*What you need to do*. Read through the entries below and copy each line where "assoc" turns up.

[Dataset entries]
-=-=-=-=-

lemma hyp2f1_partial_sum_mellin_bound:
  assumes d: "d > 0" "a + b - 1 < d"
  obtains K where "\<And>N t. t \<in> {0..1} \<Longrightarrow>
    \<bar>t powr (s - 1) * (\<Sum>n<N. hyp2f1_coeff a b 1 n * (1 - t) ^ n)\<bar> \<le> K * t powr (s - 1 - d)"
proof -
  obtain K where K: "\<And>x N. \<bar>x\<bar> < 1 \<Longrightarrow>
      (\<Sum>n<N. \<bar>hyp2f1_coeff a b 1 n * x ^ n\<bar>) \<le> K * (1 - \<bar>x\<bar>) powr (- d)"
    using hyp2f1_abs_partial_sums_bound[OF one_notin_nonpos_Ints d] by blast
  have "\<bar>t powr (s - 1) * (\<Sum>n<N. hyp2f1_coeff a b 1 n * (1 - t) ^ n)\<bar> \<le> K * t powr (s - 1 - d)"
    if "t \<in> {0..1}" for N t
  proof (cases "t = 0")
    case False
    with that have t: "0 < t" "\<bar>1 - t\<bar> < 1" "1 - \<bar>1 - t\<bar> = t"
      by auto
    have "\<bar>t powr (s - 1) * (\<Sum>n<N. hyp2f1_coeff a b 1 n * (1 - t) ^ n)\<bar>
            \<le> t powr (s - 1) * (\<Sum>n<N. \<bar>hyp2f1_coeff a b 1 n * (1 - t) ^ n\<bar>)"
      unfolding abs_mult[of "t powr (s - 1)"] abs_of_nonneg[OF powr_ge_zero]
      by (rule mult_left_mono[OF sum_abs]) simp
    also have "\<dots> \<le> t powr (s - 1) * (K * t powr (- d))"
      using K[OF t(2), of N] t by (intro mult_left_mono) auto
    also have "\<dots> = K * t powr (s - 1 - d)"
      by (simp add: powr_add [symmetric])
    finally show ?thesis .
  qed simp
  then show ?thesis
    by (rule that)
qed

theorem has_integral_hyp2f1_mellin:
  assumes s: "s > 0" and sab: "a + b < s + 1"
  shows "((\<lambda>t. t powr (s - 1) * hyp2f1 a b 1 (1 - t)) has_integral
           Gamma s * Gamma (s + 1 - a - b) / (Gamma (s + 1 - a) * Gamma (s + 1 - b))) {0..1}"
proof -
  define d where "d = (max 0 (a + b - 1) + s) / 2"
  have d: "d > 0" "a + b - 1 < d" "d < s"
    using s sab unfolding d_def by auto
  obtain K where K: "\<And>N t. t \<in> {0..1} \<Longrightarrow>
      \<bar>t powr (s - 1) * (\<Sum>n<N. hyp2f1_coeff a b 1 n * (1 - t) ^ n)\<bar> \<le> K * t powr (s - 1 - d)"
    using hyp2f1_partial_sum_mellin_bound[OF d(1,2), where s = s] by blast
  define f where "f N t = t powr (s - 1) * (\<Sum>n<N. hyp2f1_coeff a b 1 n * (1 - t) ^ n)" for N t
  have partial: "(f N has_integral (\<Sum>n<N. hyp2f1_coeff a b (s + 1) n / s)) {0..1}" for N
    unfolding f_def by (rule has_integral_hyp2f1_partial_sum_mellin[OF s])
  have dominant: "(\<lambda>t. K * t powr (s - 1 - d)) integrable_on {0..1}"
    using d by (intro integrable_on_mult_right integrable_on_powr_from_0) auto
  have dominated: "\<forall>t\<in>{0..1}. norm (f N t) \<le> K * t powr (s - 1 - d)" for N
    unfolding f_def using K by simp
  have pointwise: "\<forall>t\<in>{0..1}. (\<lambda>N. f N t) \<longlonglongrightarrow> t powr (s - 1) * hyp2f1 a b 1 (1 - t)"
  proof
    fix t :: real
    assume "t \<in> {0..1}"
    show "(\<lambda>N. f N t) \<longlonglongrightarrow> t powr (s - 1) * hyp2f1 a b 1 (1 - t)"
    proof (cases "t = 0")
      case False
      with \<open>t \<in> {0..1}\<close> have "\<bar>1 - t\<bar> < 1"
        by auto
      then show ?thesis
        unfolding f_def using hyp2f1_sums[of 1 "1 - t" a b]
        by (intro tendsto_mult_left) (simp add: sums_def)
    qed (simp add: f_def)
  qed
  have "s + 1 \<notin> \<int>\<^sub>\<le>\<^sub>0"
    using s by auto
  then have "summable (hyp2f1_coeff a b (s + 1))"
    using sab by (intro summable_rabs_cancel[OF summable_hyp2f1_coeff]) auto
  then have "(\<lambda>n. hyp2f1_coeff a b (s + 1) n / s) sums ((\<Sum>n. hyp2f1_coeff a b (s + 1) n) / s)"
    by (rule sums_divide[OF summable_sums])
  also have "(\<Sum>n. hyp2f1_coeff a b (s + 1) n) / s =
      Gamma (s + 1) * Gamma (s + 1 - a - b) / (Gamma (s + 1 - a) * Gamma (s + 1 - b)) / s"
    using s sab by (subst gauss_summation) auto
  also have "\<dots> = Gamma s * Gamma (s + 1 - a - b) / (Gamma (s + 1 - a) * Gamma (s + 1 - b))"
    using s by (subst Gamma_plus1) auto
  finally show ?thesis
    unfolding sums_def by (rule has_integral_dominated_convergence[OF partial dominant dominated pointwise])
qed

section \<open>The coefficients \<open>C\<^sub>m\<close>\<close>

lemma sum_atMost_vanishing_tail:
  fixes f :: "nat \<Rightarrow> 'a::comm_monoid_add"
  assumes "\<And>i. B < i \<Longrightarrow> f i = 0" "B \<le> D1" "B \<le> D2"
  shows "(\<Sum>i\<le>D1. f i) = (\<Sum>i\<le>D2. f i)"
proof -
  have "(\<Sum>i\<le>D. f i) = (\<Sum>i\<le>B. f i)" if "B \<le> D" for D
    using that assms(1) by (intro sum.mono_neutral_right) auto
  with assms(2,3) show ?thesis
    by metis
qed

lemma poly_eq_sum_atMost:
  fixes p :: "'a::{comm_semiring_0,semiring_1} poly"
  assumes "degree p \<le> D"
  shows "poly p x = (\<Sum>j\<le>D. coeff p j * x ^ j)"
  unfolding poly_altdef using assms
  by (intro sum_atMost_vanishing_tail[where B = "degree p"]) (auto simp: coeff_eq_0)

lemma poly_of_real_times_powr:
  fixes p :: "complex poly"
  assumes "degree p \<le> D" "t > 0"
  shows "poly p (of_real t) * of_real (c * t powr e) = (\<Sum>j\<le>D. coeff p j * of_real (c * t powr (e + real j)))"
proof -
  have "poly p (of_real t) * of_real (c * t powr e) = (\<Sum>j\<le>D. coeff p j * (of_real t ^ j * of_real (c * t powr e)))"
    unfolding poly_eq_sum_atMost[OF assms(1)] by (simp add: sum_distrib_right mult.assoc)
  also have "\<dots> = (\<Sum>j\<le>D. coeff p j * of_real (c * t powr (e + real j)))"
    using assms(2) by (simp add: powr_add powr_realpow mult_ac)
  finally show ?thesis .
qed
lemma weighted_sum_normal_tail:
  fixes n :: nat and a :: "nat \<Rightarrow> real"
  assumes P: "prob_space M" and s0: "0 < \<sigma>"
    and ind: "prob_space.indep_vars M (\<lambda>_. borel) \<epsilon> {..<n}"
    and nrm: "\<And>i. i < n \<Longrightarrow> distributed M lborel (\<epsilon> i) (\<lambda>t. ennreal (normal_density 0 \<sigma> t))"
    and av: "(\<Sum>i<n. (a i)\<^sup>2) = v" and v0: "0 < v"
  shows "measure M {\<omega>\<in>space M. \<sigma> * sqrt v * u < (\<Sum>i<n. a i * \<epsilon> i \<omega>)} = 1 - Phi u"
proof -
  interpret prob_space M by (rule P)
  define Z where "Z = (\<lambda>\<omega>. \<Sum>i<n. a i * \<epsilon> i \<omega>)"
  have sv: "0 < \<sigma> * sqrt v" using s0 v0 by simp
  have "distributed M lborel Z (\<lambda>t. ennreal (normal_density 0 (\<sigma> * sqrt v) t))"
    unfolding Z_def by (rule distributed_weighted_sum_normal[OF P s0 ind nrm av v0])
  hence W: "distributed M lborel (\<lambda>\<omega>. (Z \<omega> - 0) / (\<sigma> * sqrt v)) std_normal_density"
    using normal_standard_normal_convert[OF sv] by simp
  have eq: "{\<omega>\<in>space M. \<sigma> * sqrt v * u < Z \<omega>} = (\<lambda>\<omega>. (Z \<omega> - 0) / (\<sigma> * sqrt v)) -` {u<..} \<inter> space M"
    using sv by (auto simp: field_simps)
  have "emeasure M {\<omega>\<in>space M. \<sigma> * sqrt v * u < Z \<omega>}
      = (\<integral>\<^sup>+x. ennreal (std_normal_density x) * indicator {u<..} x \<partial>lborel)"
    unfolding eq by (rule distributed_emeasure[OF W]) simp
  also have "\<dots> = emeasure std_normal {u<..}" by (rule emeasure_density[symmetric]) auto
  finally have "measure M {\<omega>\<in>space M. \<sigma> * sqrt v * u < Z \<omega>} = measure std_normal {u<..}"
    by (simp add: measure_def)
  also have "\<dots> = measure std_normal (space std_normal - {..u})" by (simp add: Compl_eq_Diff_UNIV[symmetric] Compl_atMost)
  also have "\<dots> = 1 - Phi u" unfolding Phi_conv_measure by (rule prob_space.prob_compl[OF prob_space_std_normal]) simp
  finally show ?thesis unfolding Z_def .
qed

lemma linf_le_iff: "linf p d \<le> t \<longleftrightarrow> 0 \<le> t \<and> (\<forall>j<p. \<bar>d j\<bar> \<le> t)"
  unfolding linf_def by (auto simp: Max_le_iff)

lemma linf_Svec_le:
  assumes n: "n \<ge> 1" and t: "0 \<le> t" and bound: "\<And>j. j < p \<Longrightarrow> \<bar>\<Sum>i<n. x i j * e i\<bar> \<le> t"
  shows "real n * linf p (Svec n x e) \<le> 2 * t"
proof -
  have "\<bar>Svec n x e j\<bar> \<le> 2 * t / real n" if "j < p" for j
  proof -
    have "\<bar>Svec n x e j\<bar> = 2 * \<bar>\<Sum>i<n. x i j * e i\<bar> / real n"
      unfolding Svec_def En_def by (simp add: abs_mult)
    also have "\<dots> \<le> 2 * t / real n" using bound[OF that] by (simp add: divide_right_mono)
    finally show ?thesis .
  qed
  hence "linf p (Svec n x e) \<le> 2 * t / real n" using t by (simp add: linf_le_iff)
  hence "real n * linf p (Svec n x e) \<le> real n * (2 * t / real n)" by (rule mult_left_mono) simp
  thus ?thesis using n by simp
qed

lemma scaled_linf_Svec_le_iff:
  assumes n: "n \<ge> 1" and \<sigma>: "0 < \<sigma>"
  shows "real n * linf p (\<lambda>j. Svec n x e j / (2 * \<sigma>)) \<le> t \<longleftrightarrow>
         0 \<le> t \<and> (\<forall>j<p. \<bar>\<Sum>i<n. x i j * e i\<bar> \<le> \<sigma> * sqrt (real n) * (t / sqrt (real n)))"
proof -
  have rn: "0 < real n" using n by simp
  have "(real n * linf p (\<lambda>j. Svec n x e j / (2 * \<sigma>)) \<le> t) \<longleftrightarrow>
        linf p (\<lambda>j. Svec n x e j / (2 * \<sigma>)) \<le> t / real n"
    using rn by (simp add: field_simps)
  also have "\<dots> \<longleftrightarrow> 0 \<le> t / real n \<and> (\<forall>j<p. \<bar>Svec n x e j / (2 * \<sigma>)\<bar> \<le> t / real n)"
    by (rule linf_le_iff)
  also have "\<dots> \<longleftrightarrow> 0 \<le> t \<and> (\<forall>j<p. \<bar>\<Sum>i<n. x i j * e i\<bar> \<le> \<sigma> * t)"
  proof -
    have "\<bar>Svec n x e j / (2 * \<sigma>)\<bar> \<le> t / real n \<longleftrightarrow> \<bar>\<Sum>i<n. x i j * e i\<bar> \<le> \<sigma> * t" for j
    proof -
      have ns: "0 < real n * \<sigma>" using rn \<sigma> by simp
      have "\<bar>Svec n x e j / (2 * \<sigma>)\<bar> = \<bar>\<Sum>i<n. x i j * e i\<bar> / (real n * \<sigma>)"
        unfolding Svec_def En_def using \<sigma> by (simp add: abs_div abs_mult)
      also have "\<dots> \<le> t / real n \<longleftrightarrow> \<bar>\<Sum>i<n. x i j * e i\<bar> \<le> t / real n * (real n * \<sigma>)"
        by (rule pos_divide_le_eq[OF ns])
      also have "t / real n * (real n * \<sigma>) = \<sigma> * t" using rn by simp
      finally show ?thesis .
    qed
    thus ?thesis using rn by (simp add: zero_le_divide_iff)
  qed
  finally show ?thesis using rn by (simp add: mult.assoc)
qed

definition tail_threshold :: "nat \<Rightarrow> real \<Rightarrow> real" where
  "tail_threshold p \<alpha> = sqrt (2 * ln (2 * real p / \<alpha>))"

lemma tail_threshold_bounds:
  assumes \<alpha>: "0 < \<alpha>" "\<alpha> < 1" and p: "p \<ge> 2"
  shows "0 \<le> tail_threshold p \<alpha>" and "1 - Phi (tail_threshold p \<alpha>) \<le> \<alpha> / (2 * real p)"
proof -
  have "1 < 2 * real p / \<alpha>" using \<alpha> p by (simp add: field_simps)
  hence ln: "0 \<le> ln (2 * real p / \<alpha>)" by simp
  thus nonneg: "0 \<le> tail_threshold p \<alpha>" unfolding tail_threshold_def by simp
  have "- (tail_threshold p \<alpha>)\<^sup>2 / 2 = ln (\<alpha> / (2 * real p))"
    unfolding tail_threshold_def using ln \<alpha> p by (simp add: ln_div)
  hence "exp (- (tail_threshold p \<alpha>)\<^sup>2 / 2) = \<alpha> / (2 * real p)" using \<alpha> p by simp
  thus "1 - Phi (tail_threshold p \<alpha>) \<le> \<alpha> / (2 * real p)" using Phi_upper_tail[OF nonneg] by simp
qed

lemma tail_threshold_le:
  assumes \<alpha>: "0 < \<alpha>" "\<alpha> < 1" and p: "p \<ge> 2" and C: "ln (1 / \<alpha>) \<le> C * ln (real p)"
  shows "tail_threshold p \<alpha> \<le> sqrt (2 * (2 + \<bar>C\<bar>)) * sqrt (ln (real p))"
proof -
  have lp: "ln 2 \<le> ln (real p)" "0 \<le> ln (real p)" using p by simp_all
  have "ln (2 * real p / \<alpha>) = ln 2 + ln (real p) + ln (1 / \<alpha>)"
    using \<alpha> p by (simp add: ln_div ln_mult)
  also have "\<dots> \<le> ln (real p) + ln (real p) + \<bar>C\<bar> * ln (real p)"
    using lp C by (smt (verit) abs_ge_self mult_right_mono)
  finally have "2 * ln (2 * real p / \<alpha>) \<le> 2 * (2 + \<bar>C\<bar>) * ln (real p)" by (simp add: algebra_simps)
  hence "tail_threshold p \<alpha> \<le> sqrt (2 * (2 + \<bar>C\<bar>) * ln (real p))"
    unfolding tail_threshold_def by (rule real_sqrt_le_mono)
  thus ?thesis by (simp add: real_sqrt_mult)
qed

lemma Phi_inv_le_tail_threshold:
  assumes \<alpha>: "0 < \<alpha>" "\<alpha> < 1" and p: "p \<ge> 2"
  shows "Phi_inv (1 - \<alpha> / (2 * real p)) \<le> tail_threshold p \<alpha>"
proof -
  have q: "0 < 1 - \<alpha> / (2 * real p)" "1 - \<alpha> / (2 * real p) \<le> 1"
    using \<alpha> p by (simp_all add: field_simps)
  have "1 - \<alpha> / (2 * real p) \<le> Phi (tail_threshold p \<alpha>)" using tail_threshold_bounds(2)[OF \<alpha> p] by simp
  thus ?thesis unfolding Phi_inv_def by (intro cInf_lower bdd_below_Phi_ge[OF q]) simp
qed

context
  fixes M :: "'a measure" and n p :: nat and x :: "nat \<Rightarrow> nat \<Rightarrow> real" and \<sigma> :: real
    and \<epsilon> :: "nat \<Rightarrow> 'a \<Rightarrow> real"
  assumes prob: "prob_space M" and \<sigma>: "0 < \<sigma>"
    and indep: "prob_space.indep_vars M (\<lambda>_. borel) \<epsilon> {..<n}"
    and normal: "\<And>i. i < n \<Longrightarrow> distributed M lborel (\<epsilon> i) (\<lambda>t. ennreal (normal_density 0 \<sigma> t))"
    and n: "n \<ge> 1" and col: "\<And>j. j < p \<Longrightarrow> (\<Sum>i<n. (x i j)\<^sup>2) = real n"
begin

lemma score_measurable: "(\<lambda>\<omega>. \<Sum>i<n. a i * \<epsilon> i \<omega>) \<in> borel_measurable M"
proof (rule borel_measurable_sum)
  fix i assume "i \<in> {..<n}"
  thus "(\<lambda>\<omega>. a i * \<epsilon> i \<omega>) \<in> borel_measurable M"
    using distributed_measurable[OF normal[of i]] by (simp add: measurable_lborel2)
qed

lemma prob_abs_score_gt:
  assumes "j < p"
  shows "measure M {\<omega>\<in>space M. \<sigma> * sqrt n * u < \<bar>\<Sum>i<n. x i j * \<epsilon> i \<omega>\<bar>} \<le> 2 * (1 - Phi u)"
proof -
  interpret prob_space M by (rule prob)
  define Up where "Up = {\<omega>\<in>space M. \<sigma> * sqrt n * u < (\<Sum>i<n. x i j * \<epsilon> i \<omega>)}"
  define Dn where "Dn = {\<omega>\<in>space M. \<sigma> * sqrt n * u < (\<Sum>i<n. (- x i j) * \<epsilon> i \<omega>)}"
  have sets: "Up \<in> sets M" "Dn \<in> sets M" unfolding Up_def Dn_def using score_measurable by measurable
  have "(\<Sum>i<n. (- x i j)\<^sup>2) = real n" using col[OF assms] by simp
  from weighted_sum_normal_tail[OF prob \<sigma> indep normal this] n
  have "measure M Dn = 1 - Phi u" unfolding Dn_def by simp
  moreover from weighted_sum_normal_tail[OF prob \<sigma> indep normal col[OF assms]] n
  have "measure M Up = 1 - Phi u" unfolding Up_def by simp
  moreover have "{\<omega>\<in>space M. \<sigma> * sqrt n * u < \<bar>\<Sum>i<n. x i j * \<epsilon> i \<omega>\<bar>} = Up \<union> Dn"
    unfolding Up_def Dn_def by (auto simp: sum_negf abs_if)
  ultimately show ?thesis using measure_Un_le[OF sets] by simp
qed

-=-=-=-=-

*Solution for this problem*.
    unfolding poly_eq_sum_atMost[OF assms(1)] by (simp add: sum_distrib_right mult.assoc)
  finally show ?thesis using rn by (simp add: mult.assoc)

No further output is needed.